● Exercise details: From the listing below, tally the lines that include "moreover". Return only the total.

● Source data:
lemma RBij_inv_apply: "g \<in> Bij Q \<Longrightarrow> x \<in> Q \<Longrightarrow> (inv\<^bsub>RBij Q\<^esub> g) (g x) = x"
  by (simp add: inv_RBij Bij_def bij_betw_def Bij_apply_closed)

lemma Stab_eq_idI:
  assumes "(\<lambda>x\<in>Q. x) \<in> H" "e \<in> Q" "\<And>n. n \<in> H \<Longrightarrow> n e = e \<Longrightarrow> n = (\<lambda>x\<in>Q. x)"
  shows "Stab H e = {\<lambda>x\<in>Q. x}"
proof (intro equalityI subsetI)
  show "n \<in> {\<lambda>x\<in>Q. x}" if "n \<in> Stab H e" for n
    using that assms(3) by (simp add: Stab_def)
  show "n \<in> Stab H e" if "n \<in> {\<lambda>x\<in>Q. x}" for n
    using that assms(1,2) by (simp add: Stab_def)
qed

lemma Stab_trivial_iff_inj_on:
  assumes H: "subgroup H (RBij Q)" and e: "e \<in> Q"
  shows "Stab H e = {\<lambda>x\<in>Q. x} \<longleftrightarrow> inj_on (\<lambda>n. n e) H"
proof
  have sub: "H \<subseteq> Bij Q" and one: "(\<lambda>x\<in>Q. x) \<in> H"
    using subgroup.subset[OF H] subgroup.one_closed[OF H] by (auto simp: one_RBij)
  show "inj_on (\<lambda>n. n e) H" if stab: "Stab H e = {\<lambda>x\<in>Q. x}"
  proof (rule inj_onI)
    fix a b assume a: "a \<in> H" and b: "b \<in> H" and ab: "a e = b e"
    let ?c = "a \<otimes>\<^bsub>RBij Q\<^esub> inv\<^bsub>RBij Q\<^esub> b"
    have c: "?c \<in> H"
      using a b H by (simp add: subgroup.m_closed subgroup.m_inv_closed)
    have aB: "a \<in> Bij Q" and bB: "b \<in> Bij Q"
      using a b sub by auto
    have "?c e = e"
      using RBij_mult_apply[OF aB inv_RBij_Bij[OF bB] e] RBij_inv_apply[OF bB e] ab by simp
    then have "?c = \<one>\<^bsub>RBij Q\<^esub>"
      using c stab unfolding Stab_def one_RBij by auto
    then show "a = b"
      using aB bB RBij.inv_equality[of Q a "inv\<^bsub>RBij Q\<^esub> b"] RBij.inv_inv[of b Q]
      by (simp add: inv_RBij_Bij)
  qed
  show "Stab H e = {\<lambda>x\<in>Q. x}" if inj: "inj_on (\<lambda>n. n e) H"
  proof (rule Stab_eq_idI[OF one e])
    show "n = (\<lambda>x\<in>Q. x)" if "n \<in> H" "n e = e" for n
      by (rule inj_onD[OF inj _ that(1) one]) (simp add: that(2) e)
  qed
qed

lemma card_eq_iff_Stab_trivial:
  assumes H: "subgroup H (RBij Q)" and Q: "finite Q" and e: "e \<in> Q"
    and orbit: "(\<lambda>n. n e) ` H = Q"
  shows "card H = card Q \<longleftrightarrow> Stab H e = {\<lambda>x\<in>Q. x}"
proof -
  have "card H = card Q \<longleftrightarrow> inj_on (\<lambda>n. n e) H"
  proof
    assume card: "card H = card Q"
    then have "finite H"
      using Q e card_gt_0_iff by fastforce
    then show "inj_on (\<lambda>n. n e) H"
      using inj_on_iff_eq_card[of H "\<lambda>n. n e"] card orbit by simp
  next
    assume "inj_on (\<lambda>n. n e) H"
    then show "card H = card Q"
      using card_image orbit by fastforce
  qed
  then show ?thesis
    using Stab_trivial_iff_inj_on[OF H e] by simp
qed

...

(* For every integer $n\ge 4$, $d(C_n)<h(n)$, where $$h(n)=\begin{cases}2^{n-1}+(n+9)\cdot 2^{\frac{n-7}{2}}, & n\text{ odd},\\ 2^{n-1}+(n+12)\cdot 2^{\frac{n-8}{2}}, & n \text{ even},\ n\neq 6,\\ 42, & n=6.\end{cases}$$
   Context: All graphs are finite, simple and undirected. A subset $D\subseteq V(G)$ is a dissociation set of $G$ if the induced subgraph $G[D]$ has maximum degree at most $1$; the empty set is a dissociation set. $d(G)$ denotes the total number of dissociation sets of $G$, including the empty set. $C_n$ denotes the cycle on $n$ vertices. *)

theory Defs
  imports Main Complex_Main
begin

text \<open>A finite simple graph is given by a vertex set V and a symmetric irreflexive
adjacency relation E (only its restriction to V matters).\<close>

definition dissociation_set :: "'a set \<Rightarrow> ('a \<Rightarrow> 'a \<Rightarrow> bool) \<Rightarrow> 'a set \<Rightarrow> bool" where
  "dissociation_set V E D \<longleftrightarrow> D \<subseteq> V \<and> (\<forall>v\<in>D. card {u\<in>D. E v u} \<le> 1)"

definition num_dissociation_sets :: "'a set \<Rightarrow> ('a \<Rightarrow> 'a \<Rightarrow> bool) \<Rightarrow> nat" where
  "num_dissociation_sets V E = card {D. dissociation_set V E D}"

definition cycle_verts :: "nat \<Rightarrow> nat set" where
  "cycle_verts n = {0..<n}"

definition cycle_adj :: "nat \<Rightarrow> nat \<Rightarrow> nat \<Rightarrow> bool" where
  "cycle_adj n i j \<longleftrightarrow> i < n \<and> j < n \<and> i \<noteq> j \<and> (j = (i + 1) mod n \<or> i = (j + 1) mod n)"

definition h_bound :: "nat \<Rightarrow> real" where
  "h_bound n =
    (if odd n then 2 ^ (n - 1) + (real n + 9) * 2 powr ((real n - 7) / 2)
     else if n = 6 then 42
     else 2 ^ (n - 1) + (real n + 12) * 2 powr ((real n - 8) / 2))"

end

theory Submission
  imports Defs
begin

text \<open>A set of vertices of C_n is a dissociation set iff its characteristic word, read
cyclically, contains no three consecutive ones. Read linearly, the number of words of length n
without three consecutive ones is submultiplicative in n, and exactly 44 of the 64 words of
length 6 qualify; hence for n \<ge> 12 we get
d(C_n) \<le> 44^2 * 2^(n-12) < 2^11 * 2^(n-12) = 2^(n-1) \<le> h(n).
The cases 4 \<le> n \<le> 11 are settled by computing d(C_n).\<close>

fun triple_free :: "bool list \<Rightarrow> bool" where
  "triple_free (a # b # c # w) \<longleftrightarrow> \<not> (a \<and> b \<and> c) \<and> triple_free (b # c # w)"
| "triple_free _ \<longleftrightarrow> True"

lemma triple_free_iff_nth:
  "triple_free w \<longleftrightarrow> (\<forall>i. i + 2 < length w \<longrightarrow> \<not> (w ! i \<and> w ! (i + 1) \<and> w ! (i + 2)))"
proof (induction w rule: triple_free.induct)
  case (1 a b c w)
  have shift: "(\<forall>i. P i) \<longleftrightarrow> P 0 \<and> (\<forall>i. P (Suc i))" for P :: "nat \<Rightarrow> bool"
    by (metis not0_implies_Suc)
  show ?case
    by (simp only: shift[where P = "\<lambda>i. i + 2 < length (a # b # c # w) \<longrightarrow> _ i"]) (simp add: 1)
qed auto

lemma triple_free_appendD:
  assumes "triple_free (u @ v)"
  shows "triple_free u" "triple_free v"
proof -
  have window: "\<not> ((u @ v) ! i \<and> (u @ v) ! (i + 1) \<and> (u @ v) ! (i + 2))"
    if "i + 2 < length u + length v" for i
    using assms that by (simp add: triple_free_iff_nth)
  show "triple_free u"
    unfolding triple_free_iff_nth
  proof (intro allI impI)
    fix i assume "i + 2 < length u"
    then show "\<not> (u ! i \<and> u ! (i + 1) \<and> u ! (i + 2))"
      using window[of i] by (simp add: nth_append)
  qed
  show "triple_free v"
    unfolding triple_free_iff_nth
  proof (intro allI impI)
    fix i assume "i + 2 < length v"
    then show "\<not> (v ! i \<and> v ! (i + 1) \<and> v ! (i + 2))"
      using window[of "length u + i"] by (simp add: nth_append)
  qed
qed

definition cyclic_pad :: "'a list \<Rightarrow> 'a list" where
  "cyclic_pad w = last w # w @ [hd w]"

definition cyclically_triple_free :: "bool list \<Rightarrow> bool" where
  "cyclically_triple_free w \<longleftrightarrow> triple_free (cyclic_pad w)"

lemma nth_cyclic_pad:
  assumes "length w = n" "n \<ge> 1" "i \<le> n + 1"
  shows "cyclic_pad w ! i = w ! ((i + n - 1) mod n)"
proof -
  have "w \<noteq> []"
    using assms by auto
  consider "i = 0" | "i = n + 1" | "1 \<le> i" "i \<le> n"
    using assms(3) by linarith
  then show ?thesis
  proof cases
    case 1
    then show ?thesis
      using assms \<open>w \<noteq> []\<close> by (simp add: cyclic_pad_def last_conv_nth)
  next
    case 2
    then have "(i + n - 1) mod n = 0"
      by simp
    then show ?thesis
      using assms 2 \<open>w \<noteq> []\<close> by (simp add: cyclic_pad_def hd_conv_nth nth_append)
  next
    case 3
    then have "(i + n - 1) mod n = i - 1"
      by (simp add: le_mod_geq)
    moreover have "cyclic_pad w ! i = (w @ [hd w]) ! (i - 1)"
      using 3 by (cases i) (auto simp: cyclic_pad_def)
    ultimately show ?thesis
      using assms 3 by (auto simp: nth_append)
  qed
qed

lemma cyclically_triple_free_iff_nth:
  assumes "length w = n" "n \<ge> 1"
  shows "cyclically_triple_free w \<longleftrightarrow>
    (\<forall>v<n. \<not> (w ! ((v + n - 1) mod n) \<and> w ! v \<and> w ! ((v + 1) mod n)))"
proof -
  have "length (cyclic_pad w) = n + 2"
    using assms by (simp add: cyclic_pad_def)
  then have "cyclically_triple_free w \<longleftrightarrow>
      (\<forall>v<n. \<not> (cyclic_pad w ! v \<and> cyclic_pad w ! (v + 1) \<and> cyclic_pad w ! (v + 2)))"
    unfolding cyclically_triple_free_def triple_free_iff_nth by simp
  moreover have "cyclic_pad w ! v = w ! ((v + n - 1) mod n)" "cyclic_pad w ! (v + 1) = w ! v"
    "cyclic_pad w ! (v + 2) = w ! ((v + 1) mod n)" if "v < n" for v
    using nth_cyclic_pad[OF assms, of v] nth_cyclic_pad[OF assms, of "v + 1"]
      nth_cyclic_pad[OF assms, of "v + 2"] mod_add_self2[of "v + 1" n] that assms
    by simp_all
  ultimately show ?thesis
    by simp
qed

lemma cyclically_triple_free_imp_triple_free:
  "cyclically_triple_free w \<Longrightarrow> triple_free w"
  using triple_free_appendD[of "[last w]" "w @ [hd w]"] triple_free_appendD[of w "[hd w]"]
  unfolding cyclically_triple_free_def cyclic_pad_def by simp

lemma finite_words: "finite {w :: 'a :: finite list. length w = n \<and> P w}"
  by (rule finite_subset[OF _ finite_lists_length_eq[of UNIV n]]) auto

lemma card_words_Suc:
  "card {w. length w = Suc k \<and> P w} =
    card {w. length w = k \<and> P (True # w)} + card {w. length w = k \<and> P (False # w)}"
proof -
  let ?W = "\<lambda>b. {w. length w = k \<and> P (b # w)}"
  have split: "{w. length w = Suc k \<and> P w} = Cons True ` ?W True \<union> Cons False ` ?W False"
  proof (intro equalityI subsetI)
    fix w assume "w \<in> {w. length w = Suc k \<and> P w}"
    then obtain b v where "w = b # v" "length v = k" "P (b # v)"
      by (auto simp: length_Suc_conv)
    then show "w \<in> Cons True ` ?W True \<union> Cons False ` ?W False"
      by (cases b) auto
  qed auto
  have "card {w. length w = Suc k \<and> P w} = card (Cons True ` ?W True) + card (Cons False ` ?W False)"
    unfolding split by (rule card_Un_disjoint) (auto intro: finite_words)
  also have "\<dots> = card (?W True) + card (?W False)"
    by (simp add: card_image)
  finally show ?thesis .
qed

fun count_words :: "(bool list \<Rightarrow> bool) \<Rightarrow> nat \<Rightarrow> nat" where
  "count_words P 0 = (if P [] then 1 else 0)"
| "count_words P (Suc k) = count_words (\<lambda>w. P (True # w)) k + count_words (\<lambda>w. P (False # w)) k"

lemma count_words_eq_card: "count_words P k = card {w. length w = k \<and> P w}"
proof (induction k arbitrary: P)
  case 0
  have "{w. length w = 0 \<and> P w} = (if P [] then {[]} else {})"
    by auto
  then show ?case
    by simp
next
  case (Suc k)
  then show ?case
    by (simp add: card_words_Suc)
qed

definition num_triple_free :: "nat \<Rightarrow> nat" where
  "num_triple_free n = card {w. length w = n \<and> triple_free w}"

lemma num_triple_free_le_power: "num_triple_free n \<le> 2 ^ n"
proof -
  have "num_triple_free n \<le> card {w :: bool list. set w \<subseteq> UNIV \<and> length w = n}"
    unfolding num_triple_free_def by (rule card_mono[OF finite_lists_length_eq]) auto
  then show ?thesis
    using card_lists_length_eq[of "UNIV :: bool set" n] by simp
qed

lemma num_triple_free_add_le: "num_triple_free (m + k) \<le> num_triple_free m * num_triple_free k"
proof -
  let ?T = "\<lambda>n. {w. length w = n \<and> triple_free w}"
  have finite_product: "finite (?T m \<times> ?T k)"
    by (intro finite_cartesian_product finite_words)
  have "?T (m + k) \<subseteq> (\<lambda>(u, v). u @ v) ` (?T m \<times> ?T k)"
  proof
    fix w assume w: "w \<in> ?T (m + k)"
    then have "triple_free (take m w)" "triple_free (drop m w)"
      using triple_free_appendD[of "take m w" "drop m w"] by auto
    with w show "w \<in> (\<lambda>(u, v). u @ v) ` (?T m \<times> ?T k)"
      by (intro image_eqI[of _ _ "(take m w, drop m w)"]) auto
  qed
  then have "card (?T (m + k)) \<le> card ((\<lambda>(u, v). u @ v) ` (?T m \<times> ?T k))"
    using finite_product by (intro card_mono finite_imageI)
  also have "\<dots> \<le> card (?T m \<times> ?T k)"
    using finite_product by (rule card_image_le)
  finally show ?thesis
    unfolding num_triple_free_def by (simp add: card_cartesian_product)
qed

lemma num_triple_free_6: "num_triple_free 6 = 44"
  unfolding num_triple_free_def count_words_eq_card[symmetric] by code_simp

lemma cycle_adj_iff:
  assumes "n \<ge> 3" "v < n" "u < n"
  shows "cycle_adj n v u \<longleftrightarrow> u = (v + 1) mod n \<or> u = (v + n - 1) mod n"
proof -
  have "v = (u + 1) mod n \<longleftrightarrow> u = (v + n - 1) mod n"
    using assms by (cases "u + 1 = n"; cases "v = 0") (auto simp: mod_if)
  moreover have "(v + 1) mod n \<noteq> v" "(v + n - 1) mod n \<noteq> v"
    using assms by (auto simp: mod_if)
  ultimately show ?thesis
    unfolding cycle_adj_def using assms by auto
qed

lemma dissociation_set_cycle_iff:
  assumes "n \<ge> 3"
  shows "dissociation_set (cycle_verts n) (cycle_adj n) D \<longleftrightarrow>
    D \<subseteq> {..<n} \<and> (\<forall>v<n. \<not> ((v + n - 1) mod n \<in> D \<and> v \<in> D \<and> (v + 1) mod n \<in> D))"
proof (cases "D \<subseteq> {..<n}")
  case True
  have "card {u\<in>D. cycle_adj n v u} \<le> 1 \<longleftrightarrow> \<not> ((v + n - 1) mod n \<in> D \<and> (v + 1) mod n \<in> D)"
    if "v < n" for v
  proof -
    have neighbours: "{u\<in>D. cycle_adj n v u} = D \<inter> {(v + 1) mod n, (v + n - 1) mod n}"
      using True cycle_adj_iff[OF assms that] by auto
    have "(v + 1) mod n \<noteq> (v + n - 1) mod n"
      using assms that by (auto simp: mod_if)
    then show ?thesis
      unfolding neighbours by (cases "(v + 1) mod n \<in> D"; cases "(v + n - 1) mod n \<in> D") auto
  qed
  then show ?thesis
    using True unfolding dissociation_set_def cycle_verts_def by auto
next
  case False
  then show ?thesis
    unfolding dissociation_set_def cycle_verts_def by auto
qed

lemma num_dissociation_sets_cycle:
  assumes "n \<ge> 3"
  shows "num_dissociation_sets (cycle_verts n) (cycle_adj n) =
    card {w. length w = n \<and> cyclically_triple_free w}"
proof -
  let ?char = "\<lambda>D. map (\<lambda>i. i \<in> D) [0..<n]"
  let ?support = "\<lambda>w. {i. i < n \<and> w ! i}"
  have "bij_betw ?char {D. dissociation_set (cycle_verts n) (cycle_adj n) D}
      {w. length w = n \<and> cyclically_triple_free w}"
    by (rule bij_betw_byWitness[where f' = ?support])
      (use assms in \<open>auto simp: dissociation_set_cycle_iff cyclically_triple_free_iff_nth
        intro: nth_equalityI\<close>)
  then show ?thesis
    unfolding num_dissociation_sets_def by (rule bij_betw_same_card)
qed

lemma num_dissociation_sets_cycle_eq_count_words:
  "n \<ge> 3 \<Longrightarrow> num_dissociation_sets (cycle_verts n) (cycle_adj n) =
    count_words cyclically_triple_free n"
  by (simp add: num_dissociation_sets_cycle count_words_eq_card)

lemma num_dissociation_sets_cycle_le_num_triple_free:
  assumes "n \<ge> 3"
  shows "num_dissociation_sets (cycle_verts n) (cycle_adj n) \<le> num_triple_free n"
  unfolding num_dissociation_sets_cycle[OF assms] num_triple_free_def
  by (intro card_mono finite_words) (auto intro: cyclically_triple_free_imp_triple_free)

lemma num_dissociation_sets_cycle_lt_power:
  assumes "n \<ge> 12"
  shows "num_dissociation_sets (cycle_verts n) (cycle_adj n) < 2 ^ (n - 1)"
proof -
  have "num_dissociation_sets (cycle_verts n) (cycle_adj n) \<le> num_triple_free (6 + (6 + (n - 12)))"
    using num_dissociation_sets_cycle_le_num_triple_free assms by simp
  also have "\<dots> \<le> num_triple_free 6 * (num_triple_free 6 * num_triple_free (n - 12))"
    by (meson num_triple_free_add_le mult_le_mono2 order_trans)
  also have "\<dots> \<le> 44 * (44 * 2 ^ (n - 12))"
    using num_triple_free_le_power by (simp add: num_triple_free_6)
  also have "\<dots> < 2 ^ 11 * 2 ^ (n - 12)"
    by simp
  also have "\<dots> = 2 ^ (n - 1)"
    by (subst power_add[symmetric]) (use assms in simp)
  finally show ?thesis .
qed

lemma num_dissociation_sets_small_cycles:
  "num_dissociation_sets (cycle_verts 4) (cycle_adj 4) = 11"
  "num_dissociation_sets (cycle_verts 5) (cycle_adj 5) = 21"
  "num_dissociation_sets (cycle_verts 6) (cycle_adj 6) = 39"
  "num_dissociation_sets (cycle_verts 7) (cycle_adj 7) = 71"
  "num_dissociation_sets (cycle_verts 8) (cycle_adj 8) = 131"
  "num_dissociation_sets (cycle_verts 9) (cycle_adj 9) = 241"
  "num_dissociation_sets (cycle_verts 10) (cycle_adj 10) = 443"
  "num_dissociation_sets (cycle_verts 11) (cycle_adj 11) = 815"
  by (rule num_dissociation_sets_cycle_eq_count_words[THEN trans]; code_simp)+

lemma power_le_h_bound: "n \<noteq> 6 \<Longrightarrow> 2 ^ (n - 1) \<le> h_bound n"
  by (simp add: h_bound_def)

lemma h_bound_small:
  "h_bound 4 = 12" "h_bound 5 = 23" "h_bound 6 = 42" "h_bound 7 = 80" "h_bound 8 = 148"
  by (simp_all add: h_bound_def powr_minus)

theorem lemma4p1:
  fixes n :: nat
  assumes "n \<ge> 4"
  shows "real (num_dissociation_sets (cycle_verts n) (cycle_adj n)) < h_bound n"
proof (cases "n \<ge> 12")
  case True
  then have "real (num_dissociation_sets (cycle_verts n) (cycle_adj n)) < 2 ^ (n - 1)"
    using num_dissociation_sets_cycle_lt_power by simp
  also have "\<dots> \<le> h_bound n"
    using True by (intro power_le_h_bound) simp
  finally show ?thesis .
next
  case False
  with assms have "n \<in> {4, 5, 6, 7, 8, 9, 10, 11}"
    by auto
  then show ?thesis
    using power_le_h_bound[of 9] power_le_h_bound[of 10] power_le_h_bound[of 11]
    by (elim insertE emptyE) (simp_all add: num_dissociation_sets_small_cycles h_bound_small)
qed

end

● Response below: 3